I think sometimes when non-disabled people insist that we are too obsessed with our disability, what they REALLY mean is, “I wish you would stop reminding me that I have a shared responsibility as a fellow member of society to proactively ensure that we all have an opportunity to be engaged in society. I wish you would just pretend to not have a disability so I can pretend that I don’t have to do anything to enable you to do the same things the rest of us are doing.”
The luxury of not needing to think about disability in a society that is designed to lock us on the cold outside is a non-disabled privilege.
This is the problem with many people who work with disabled people. They see inclusivity as work.
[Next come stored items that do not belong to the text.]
lemma tail_bound_numeric:
  fixes x :: real
  assumes "0 < x" "x^3 \<le> 1/4"
  shows "x^3 / 16 * (x / 16) / (1 - x / 16) + x^16 / (1 - x^7) \<le> 14/10000"
proof -
  have x: "x \<le> 63/100" using le_63_100_if_cube_le assms by blast
  have "x^7 \<le> (63/100)^7" using x assms by (intro power_mono) auto
  then have x7: "x^7 \<le> 1/25" by (simp add: power_divide)
  have "x^16 = (x^3)^5 * x" by (simp flip: power_mult power_Suc2)
  also have "\<dots> \<le> (1/4)^5 * (63/100)" using assms x by (intro mult_mono power_mono) auto
  finally have "x^16 / (1 - x^7) \<le> ((1/4)^5 * (63/100)) / (24/25)"
    using x7 by (intro frac_le) auto
  moreover have "x^3 * x \<le> (1/4) * (63/100)" using assms x by (intro mult_mono) auto
  then have "x^3 / 16 * (x / 16) \<le> (1/4) * (63/100) / 256" by (simp add: mult.commute)
  then have "x^3 / 16 * (x / 16) / (1 - x / 16) \<le> ((1/4) * (63/100) / 256) / (24/25)"
    using x assms by (intro frac_le) auto
  ultimately show ?thesis by (simp add: power_divide)
qed
text \<open>
  Resolve \<open>M\<close> by standard free modules \<open>R\<^sup>k\<close>, with augmentation \<open>D0 : R\<^sup>K \<rightarrow> M\<close> and next
  differential \<open>D1 : R\<^sup>K\<^sup>' \<rightarrow> R\<^sup>K\<close>, and let \<open>w\<^sub>j = D0 e\<^sub>j\<close>. The \<open>S\<close>-linear map \<open>\<delta> : S\<^sup>K \<rightarrow> L\<close>,
  \<open>e\<^sub>j \<mapsto> \<alpha>\<^sup>+ w\<^sub>j\<close>, and the \<open>R\<close>-linear map \<open>N : R\<^sup>K \<rightarrow> M\<close>, \<open>e\<^sub>j \<mapsto> \<alpha>\<^sup>- (\<alpha>\<^sup>+ w\<^sub>j)\<close>, satisfy
  \<open>\<alpha>\<^sup>+ D0 = \<delta> \<rho>\<close>, \<open>\<alpha>\<^sup>+ N = \<delta> \<rho>\<close> and \<open>\<alpha>\<^sup>- \<delta> = N \<iota>\<close> (coefficientwise), although \<open>\<alpha>\<^sup>- \<alpha>\<^sup>+\<close> itself
  is not \<open>R\<close>-linear. Hence \<open>(D0 + N, \<delta>)\<close> maps the retractive pair formed by \<open>R\<^sup>K \<oplus> R\<^sup>K\<close> and
  \<open>S\<^sup>K\<close>, with \<open>\<beta>\<^sup>+ (t, s) = \<rho> (t + s)\<close> and \<open>\<beta>\<^sup>- y = (0, \<iota> y)\<close>, onto \<open>M \<alpha> L\<close>. Lifting \<open>N\<close>
  through \<open>D0\<close> to \<open>\<sigma>\<close>, the map \<open>(t, s) \<mapsto> (D1 t - \<sigma> s, s)\<close> sends \<open>R\<^sup>K\<^sup>' \<oplus> R\<^sup>K\<close> onto the
  kernel of \<open>D0 + N\<close> and has the same kernel as \<open>D1\<close>; so that kernel is again of type
  \<open>FP\<^sub>n\<^sub>-\<^sub>1\<close>. The two kernels form a retractive pair, and the construction is iterated on it.
\<close>

section \<open>Module homomorphisms and submodules\<close>

lemma restrict_scalars_simps [simp]:
  "carrier (restrict_scalars f N) = carrier N"
  "x \<oplus>\<^bsub>restrict_scalars f N\<^esub> y = x \<oplus>\<^bsub>N\<^esub> y"
  "\<zero>\<^bsub>restrict_scalars f N\<^esub> = \<zero>\<^bsub>N\<^esub>"
  "a \<odot>\<^bsub>restrict_scalars f N\<^esub> x = f a \<odot>\<^bsub>N\<^esub> x"
  by (simp_all add: restrict_scalars_def)

lemma restrict_scalars_id: "restrict_scalars (\<lambda>a. a) N = N"
  by (simp add: restrict_scalars_def)

lemma restrict_scalars_update_carrier:
  "restrict_scalars f (N\<lparr>carrier := Z\<rparr>) = (restrict_scalars f N)\<lparr>carrier := Z\<rparr>"
  by (simp add: restrict_scalars_def)
(* Let $U\subset\mathbb{H}^n$ be a domain. For any $v\in C^\infty(U)$, $$\Big||D_0^2v\,Xv|^2-\Delta_0v\,\Delta_{0,\infty}v-\frac12\big[|D_0^2v|^2-(\Delta_0v)^2\big]|Xv|^2\Big|\le(n-1)\Big[|D_0^2v|^2|Xv|^2-|D_0^2v\,Xv|^2\Big]\quad\text{in } U.$$
   Context: The Heisenberg group $\mathbb{H}^n$ is $\mathbb{R}^{2n}\times\mathbb{R}$ with the group law $(x,t)\cdot(x',t')=(x+x',\,t+t'-\frac12\sum_{i=1}^n[x_ix'_{i+n}-x_{i+n}x'_i])$, with left-invariant vector fields $X_i=\partial_{x_i}-\frac{x_{i+n}}{2}\partial_t$, $X_{i+n}=\partial_{x_{i+n}}+\frac{x_i}{2}\partial_t$ ($i=1,\dots,n$). For $v$, $Xv=(X_1v,\dots,X_{2n}v)$ (a column vector), $|Xv|$ its Euclidean norm, $\Delta_0v=\sum_{i=1}^{2n}X_iX_iv$, $D_0^2v=\big(\frac12[X_iX_jv+X_jX_iv]\big)_{i,j=1}^{2n}$ with Frobenius norm $|D_0^2v|$, $D_0^2v\,Xv$ the matrix-vector product, and $\Delta_{0,\infty}v=\sum_{i,j=1}^{2n}X_iv\,X_iX_jv\,X_jv=(Xv)^TD_0^2v\,Xv$. *)

theory Defs
  imports "HOL-Analysis.Analysis"
begin

text \<open>Points of the Heisenberg group H^n, n = CARD('n), are ((x, y), t) with
  x = (x_1..x_n), y = (x_{n+1}..x_{2n}) in R^n and t in R.\<close>
type_synonym 'n heis = "((real^'n) \<times> (real^'n)) \<times> real"

fun Ck :: "nat \<Rightarrow> 'a::euclidean_space set \<Rightarrow> ('a \<Rightarrow> real) \<Rightarrow> bool" where
  "Ck 0 U f = continuous_on U f"
| "Ck (Suc k) U f = (f differentiable_on U \<and>
      (\<forall>b\<in>Basis. Ck k U (\<lambda>p. frechet_derivative f (at p) b)))"

definition smooth_on :: "'a::euclidean_space set \<Rightarrow> ('a \<Rightarrow> real) \<Rightarrow> bool" where
  "smooth_on U f \<longleftrightarrow> (\<forall>k. Ck k U f)"

definition pd :: "'a::real_normed_vector \<Rightarrow> ('a \<Rightarrow> real) \<Rightarrow> 'a \<Rightarrow> real" where
  "pd e f p = frechet_derivative f (at p) e"

definition ex :: "'n::finite \<Rightarrow> 'n heis" where "ex i = ((axis i 1, 0), 0)"
definition ey :: "'n::finite \<Rightarrow> 'n heis" where "ey i = ((0, axis i 1), 0)"
definition et :: "'n::finite heis" where "et = ((0, 0), 1)"

text \<open>Left-invariant horizontal vector fields: Inl i gives X_i, Inr i gives X_{i+n}.\<close>
fun hX :: "('n::finite + 'n) \<Rightarrow> ('n heis \<Rightarrow> real) \<Rightarrow> 'n heis \<Rightarrow> real" where
  "hX (Inl i) f p = pd (ex i) f p - (snd (fst p) $ i) / 2 * pd et f p"
| "hX (Inr i) f p = pd (ey i) f p + (fst (fst p) $ i) / 2 * pd et f p"

definition symhess :: "('n::finite heis \<Rightarrow> real) \<Rightarrow> 'n heis \<Rightarrow> ('n + 'n) \<Rightarrow> ('n + 'n) \<Rightarrow> real" where
  "symhess v p i j = (hX i (hX j v) p + hX j (hX i v) p) / 2"

definition subLap :: "('n::finite heis \<Rightarrow> real) \<Rightarrow> 'n heis \<Rightarrow> real" where
  "subLap v p = (\<Sum>i\<in>UNIV. hX i (hX i v) p)"

definition infLap :: "('n::finite heis \<Rightarrow> real) \<Rightarrow> 'n heis \<Rightarrow> real" where
  "infLap v p = (\<Sum>i\<in>UNIV. \<Sum>j\<in>UNIV. hX i v p * hX i (hX j v) p * hX j v p)"

definition gradsq :: "('n::finite heis \<Rightarrow> real) \<Rightarrow> 'n heis \<Rightarrow> real" where
  "gradsq v p = (\<Sum>i\<in>UNIV. (hX i v p)^2)"

definition hesssq :: "('n::finite heis \<Rightarrow> real) \<Rightarrow> 'n heis \<Rightarrow> real" where
  "hesssq v p = (\<Sum>i\<in>UNIV. \<Sum>j\<in>UNIV. (symhess v p i j)^2)"

definition hessgradsq :: "('n::finite heis \<Rightarrow> real) \<Rightarrow> 'n heis \<Rightarrow> real" where
  "hessgradsq v p = (\<Sum>i\<in>UNIV. (\<Sum>j\<in>UNIV. symhess v p i j * hX j v p)^2)"

end

theory Submission
  imports Defs
begin

text \<open>Let g \<noteq> 0 and D = |g|^4 PSP, with P the orthogonal projection onto the complement of g.
  Since Dg = 0, Cauchy-Schwarz for D against |g|^2 I - g g^T (squared Frobenius norm
  |g|^4 (2n - 1)) gives (tr D)^2 \<le> (2n - 1) |D|^2. After multiplication by 2 |g|^6 the
  left-hand side of the claim becomes (tr D)^2 - |D|^2 and the right-hand side becomes
  (2n - 2) (|D|^2 + |g|^4 (|g|^2 |Sg|^2 - (g^T S g)^2)), with the last term nonnegative by
  Cauchy-Schwarz again; both estimates of |(tr D)^2 - |D|^2| follow for n \<ge> 2. For n = 1 the
  left-hand side vanishes identically by the Cayley-Hamilton theorem for 2 \<times> 2 matrices.\<close>

definition outer :: "real^'m \<Rightarrow> real^'n \<Rightarrow> real^'n^'m"
  where "outer x y = (\<chi> i j. x$i * y$j)"

lemma outer_inner: "outer x y \<bullet> A = x \<bullet> (A *v y)"
  by (simp add: outer_def inner_vec_def matrix_vector_mult_def sum_distrib_left mult_ac)

lemma outer_mult_vec: "outer x y *v z = (y \<bullet> z) *\<^sub>R x"
  by (simp add: outer_def vec_eq_iff matrix_vector_mult_def inner_vec_def sum_distrib_left mult_ac)

lemma trace_outer: "trace (outer x y) = x \<bullet> y"
  by (simp add: outer_def trace_def inner_vec_def)

lemma trace_scaleR: "trace (c *\<^sub>R A) = c * trace A"
  by (simp add: trace_def sum_distrib_left)

lemma mat_inner: "mat c \<bullet> (A :: real^'m^'m) = c * trace A"
  by (simp add: mat_def inner_vec_def trace_def sum_distrib_left
      if_distrib[where f = "\<lambda>a. a * b" for b] cong: if_cong)

lemma inner_mult_vec_symmetric:
  fixes S :: "real^'m^'m"
  assumes "transpose S = S"
  shows "x \<bullet> (S *v y) = (S *v x) \<bullet> y"
proof -
  have "x \<bullet> (S *v y) = (transpose S *v x) \<bullet> y"
    by (simp add: dot_lmul_matrix)
  then show ?thesis
    using assms by simp
qed

lemma trace_square_le_if_quadratic_form_vanishes:
  fixes A :: "real^'m^'m"
  assumes "g \<noteq> 0" and "g \<bullet> (A *v g) = 0"
  shows "(trace A)\<^sup>2 \<le> (real CARD('m) - 1) * (A \<bullet> A)"
proof -
  define G where "G = g \<bullet> g"
  define Q where "Q = G *\<^sub>R mat 1 - outer g g"
  have "G > 0"
    using assms(1) by (simp add: G_def)
  have "Q *v g = 0"
    by (simp add: Q_def G_def matrix_vector_mult_diff_rdistrib scaleR_matrix_vector_assoc[symmetric]
        outer_mult_vec)
  then have QQ: "Q \<bullet> Q = G\<^sup>2 * (real CARD('m) - 1)"
    by (simp add: Q_def inner_diff_left mat_inner outer_inner trace_sub trace_scaleR trace_I
        trace_outer G_def power2_eq_square right_diff_distrib)
  have QA: "Q \<bullet> A = G * trace A"
    using assms(2) by (simp add: Q_def inner_diff_left mat_inner outer_inner)
  have "(G * trace A)\<^sup>2 \<le> G\<^sup>2 * (real CARD('m) - 1) * (A \<bullet> A)"
    using Cauchy_Schwarz_ineq[of Q A] by (simp add: QA QQ)
  then show ?thesis
    using \<open>G > 0\<close> by (simp add: power_mult_distrib mult.assoc)
qed

text \<open>This is D = |g|^4 PSP, multiplied out so that no division by |g|^2 occurs.\<close>

definition perp_compression :: "real^'m \<Rightarrow> real^'m^'m \<Rightarrow> real^'m^'m" where
  "perp_compression g S = (g \<bullet> g)\<^sup>2 *\<^sub>R S - (g \<bullet> g) *\<^sub>R (outer g (S *v g) + outer (S *v g) g)
     + (g \<bullet> (S *v g)) *\<^sub>R outer g g"

lemma perp_compression_mult_vec:
  fixes S :: "real^'m^'m"
  assumes "transpose S = S"
  shows "perp_compression g S *v g = 0"
  using inner_mult_vec_symmetric[OF assms, of g g]
  by (simp add: perp_compression_def matrix_vector_mult_add_rdistrib matrix_vector_mult_diff_rdistrib
      scaleR_matrix_vector_assoc[symmetric] outer_mult_vec inner_commute[of "S *v g"] power2_eq_square
      algebra_simps)

lemma transpose_perp_compression:
  fixes S :: "real^'m^'m"
  assumes "transpose S = S"
  shows "transpose (perp_compression g S) = perp_compression g S"
proof -
  have "S $ j $ i = S $ i $ j" for i j
    using assms by (metis transpose_def vec_lambda_beta)
  then show ?thesis
    by (simp add: perp_compression_def transpose_def outer_def vec_eq_iff mult.commute)
qed

lemma trace_perp_compression:
  "trace (perp_compression g S) = (g \<bullet> g) * ((g \<bullet> g) * trace S - g \<bullet> (S *v g))"
  by (simp add: perp_compression_def trace_add trace_sub trace_scaleR trace_outer
      inner_commute[of "S *v g"] power2_eq_square algebra_simps)

lemma inner_perp_compression_self:
  fixes S :: "real^'m^'m"
  assumes "transpose S = S"
  shows "perp_compression g S \<bullet> perp_compression g S
    = (g \<bullet> g)\<^sup>2
      * ((g \<bullet> g)\<^sup>2 * (S \<bullet> S) - 2 * (g \<bullet> g) * ((S *v g) \<bullet> (S *v g)) + (g \<bullet> (S *v g))\<^sup>2)"
proof -
  define D where "D = perp_compression g S"
  have "D *v g = 0"
    unfolding D_def using assms by (rule perp_compression_mult_vec)
  moreover have "transpose D = D"
    unfolding D_def using assms by (rule transpose_perp_compression)
  ultimately have outer_D: "outer x g \<bullet> D = 0" "outer g x \<bullet> D = 0" for x
    using inner_mult_vec_symmetric[of D g x] by (simp_all add: outer_inner)
  have "D \<bullet> D = perp_compression g S \<bullet> D"
    by (simp only: D_def)
  also have "\<dots> = (g \<bullet> g)\<^sup>2 * (D \<bullet> S)"
    by (simp add: perp_compression_def[of g S] inner_add_left inner_diff_left outer_D
        inner_commute[of S D])
  also have "D \<bullet> S = (g \<bullet> g)\<^sup>2 * (S \<bullet> S) - 2 * (g \<bullet> g) * ((S *v g) \<bullet> (S *v g))
      + (g \<bullet> (S *v g))\<^sup>2"
    using inner_mult_vec_symmetric[OF assms, of g "S *v g"]
    by (simp add: D_def perp_compression_def inner_add_left inner_diff_left outer_inner
        inner_commute[of "S *v g" g] power2_eq_square)
  finally show ?thesis
    unfolding D_def .
qed

lemma trace_perp_compression_bound:
  fixes S :: "real^'m^'m"
  assumes "transpose S = S"
  shows "((g \<bullet> g) * trace S - g \<bullet> (S *v g))\<^sup>2 \<le> (real CARD('m) - 1)
    * ((g \<bullet> g)\<^sup>2 * (S \<bullet> S) - 2 * (g \<bullet> g) * ((S *v g) \<bullet> (S *v g)) + (g \<bullet> (S *v g))\<^sup>2)"
proof (cases "g = 0")
  case False
  have "(trace (perp_compression g S))\<^sup>2
      \<le> (real CARD('m) - 1) * (perp_compression g S \<bullet> perp_compression g S)"
    using False perp_compression_mult_vec[OF assms, of g]
    by (intro trace_square_le_if_quadratic_form_vanishes[of g]) simp_all
  then show ?thesis
    using False by (simp add: trace_perp_compression inner_perp_compression_self[OF assms]
        power_mult_distrib mult.left_commute[of "real CARD('m) - 1"])
qed simp

lemma perp_compression_norm_nonneg:
  fixes S :: "real^'m^'m"
  assumes "transpose S = S"
  shows "0 \<le> (g \<bullet> g)\<^sup>2 * (S \<bullet> S) - 2 * (g \<bullet> g) * ((S *v g) \<bullet> (S *v g))
    + (g \<bullet> (S *v g))\<^sup>2"
proof (cases "g = 0")
  case False
  have "0 \<le> perp_compression g S \<bullet> perp_compression g S"
    by simp
  then show ?thesis
    using False by (simp add: inner_perp_compression_self[OF assms] zero_le_mult_iff)
qed simp

lemma symmetric_2x2_quadratic_identity:
  fixes S :: "real^'m^'m"
  assumes "transpose S = S" and "CARD('m) = 2"
  shows "(S *v g) \<bullet> (S *v g) - trace S * (g \<bullet> (S *v g))
    = 1/2 * (S \<bullet> S - (trace S)\<^sup>2) * (g \<bullet> g)"
proof -
  obtain x y :: 'm where UNIV_eq: "UNIV = {x, y}" and "x \<noteq> y"
    using assms(2) card_2_iff by metis
  have "S $ x $ y = S $ y $ x"
    using assms(1) by (metis transpose_def vec_lambda_beta)
  then show ?thesis
    using \<open>x \<noteq> y\<close> by (simp add: inner_vec_def matrix_vector_mult_def trace_def UNIV_eq
        power2_eq_square algebra_simps)
qed

lemma symmetric_matrix_quadratic_bound:
  fixes S :: "real^'m^'m" and g :: "real^'m"
  assumes "transpose S = S" and "2 \<le> CARD('m)"
  shows "\<bar>(S *v g) \<bullet> (S *v g) - trace S * (g \<bullet> (S *v g))
            - 1/2 * (S \<bullet> S - (trace S)\<^sup>2) * (g \<bullet> g)\<bar>
         \<le> (real CARD('m) / 2 - 1) * ((S \<bullet> S) * (g \<bullet> g) - (S *v g) \<bullet> (S *v g))"
proof (cases "CARD('m) = 2 \<or> g = 0")
  case True
  then show ?thesis using symmetric_2x2_quadratic_identity[OF assms(1)] by auto
next
  case False
  define G a b where "G = g \<bullet> g" and "a = (S *v g) \<bullet> (S *v g)" and "b = g \<bullet> (S *v g)"
  define c f k where "c = G * trace S - b" and "f = G\<^sup>2 * (S \<bullet> S) - 2 * G * a + b\<^sup>2"
    and "k = real CARD('m) - 2"
  have "0 < G" and "1 \<le> k"
    using False assms(2) by (simp_all add: G_def k_def)
  have c_bound: "c\<^sup>2 \<le> (k + 1) * f"
    using trace_perp_compression_bound[OF assms(1), of g]
    by (simp add: c_def f_def G_def a_def b_def k_def)
  have "0 \<le> f"
    using perp_compression_norm_nonneg[OF assms(1), of g] by (simp add: f_def G_def a_def b_def)
  have "b\<^sup>2 \<le> G * a"
    using Cauchy_Schwarz_ineq[of g "S *v g"] by (simp add: G_def a_def b_def)
  have "\<bar>c\<^sup>2 - f\<bar> \<le> k * (f + (G * a - b\<^sup>2))"
  proof -
    have "0 \<le> f + (G * a - b\<^sup>2)"
      using \<open>0 \<le> f\<close> \<open>b\<^sup>2 \<le> G * a\<close> by linarith
    have "c\<^sup>2 - f \<le> k * f"
      using c_bound by (simp add: algebra_simps)
    also have "\<dots> \<le> k * (f + (G * a - b\<^sup>2))"
      using \<open>1 \<le> k\<close> \<open>b\<^sup>2 \<le> G * a\<close> by (intro mult_left_mono) simp_all
    finally have "c\<^sup>2 - f \<le> k * (f + (G * a - b\<^sup>2))" .
    moreover have "f - c\<^sup>2 \<le> f + (G * a - b\<^sup>2)"
      using \<open>b\<^sup>2 \<le> G * a\<close> zero_le_power2[of c] by linarith
    moreover have "\<dots> \<le> k * (f + (G * a - b\<^sup>2))"
      using mult_right_mono[OF \<open>1 \<le> k\<close> \<open>0 \<le> f + (G * a - b\<^sup>2)\<close>] by simp
    ultimately show ?thesis by linarith
  qed
  also have "c\<^sup>2 - f = 2 * G * (a - trace S * b - 1/2 * (S \<bullet> S - (trace S)\<^sup>2) * G)"
    by (simp add: c_def f_def power2_eq_square algebra_simps)
  also have "k * (f + (G * a - b\<^sup>2)) = 2 * G * ((real CARD('m) / 2 - 1) * ((S \<bullet> S) * G - a))"
    by (simp add: f_def k_def power2_eq_square field_simps)
  finally show ?thesis
    using \<open>0 < G\<close> by (simp add: G_def a_def b_def abs_mult)
qed

lemma infLap_eq_symhess:
  "infLap v p = (\<Sum>i\<in>UNIV. \<Sum>j\<in>UNIV. hX i v p * symhess v p i j * hX j v p)"
proof -
  have "(\<Sum>i\<in>UNIV. \<Sum>j\<in>UNIV. hX i v p * hX j (hX i v) p * hX j v p) = infLap v p"
    unfolding infLap_def by (subst sum.swap) (simp add: mult_ac)
  then show ?thesis
    by (simp add: infLap_def symhess_def sum.distrib sum_divide_distrib[symmetric] algebra_simps)
qed

theorem lemma3p3:
  fixes U :: "'n::finite heis set" and v :: "'n heis \<Rightarrow> real"
  assumes "open U" and "connected U" and "smooth_on U v" and "p \<in> U"
  shows "\<bar>hessgradsq v p - subLap v p * infLap v p
            - (1/2) * (hesssq v p - (subLap v p)^2) * gradsq v p\<bar>
         \<le> (real CARD('n) - 1) * (hesssq v p * gradsq v p - hessgradsq v p)"
proof -
  define S :: "real^('n + 'n)^('n + 'n)" where "S = (\<chi> i j. symhess v p i j)"
  define g :: "real^('n + 'n)" where "g = (\<chi> i. hX i v p)"
  have "transpose S = S"
    by (simp add: S_def transpose_def symhess_def add.commute)
  have hessgradsq_eq: "hessgradsq v p = (S *v g) \<bullet> (S *v g)"
    by (simp add: hessgradsq_def S_def g_def inner_vec_def matrix_vector_mult_def power2_eq_square)
  have subLap_eq: "subLap v p = trace S"
    by (simp add: subLap_def trace_def S_def symhess_def)
  have infLap_eq: "infLap v p = g \<bullet> (S *v g)"
    by (simp add: infLap_eq_symhess S_def g_def inner_vec_def matrix_vector_mult_def
        sum_distrib_left mult_ac)
  have hesssq_eq: "hesssq v p = S \<bullet> S" and gradsq_eq: "gradsq v p = g \<bullet> g"
    by (simp_all add: hesssq_def gradsq_def S_def g_def inner_vec_def power2_eq_square)
  have card_sum: "CARD('n + 'n) = 2 * CARD('n)" and "0 < CARD('n)"
    by (simp_all add: card_gt_0_iff)
  then have card_ge_2: "2 \<le> CARD('n + 'n)"
    by linarith
  have factor_eq: "real CARD('n + 'n) / 2 - 1 = real CARD('n) - 1"
    using card_sum by simp
  from symmetric_matrix_quadratic_bound[OF \<open>transpose S = S\<close> card_ge_2, of g] show ?thesis
    unfolding hessgradsq_eq subLap_eq infLap_eq hesssq_eq gradsq_eq factor_eq .
qed

end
When they leave work, they expect a world in which disabled people don’t exist.
My mother is a paraprofessional. She specializes in teaching children with special needs.
This makes many things she’s done disgustingly ableist.
- She hit me as a punishment. It should have been basic knowledge that I’d never be able to make sense of why it’s wrong for me to hit but okay for someone to hit me.
- She punished me for arguing whenever I asked for reasons. It should have been basic knowledge that rules are hard to understand without reasons, and that wanting to understand isn’t arguing.
- She expected me to hold onto thoughts on command whenever I’m in a loud room with many people talking at once. If I peacefully allowed her to continue the conversation she had but couldn’t hold onto my thought until it was my turn to speak, she got mad. She wrongly accused me of being impatient and expecting her to drop everything to listen to me immediately, even though I made it very clear countless times that I have zero problem with her continuing her conversation but I can’t hold onto my thought on command. It should have been basic knowledge that simply existing in a room with many people talking at once can be overwhelming, and that some people have many thoughts flying through their head regularly and would find it painful to be forced to hold onto one.
- She talked very fast and accused me of not listening if I couldn’t perfectly remember what she said the next day. It should have been basic knowledge that people can struggle to process large amounts of information on the spot or remember things like it’s nothing.
- She told me to look her in the eye and say that I didn’t do something and assumed I was guilty if I couldn’t do that. It should have been basic knowledge that eye contact is difficult and doesn’t equal paying attention or telling the truth.
- She added hidden meanings to things I’ve said and responded aggressively to what she thought I was implying, and didn’t even give me a chance to correct her misinterpretation. It should have been basic knowledge that it’s not possible to accurately assume what someone’s implying, especially when done that quickly.
- She expected me to be good at everything because I’m good at math, and expected me to be able to explain math to people who struggle with it. It should have been basic knowledge that someone could have a special skill while being below average in other ways, and that someone especially a child could struggle to explain things.
- She expected “talk to people” to be good advice when I struggled to socialize. It should have been basic knowledge that some people can’t socialize naturally and need clearly spelled out rules and steps. It’s understandable to not have perfect solutions, but the advice she gave showed an ignorance of what the struggle even was.
For a while, I wondered how someone could go to school and form a career of teaching children with special needs then miss so much basic information and not even consider that people with special needs exist.
But like your story, it’s because people like that see inclusivity as work. They see disabled people as existing only at work and nowhere else. When they’re not working, they go right back to their fantasy world in which disabled people don’t exist.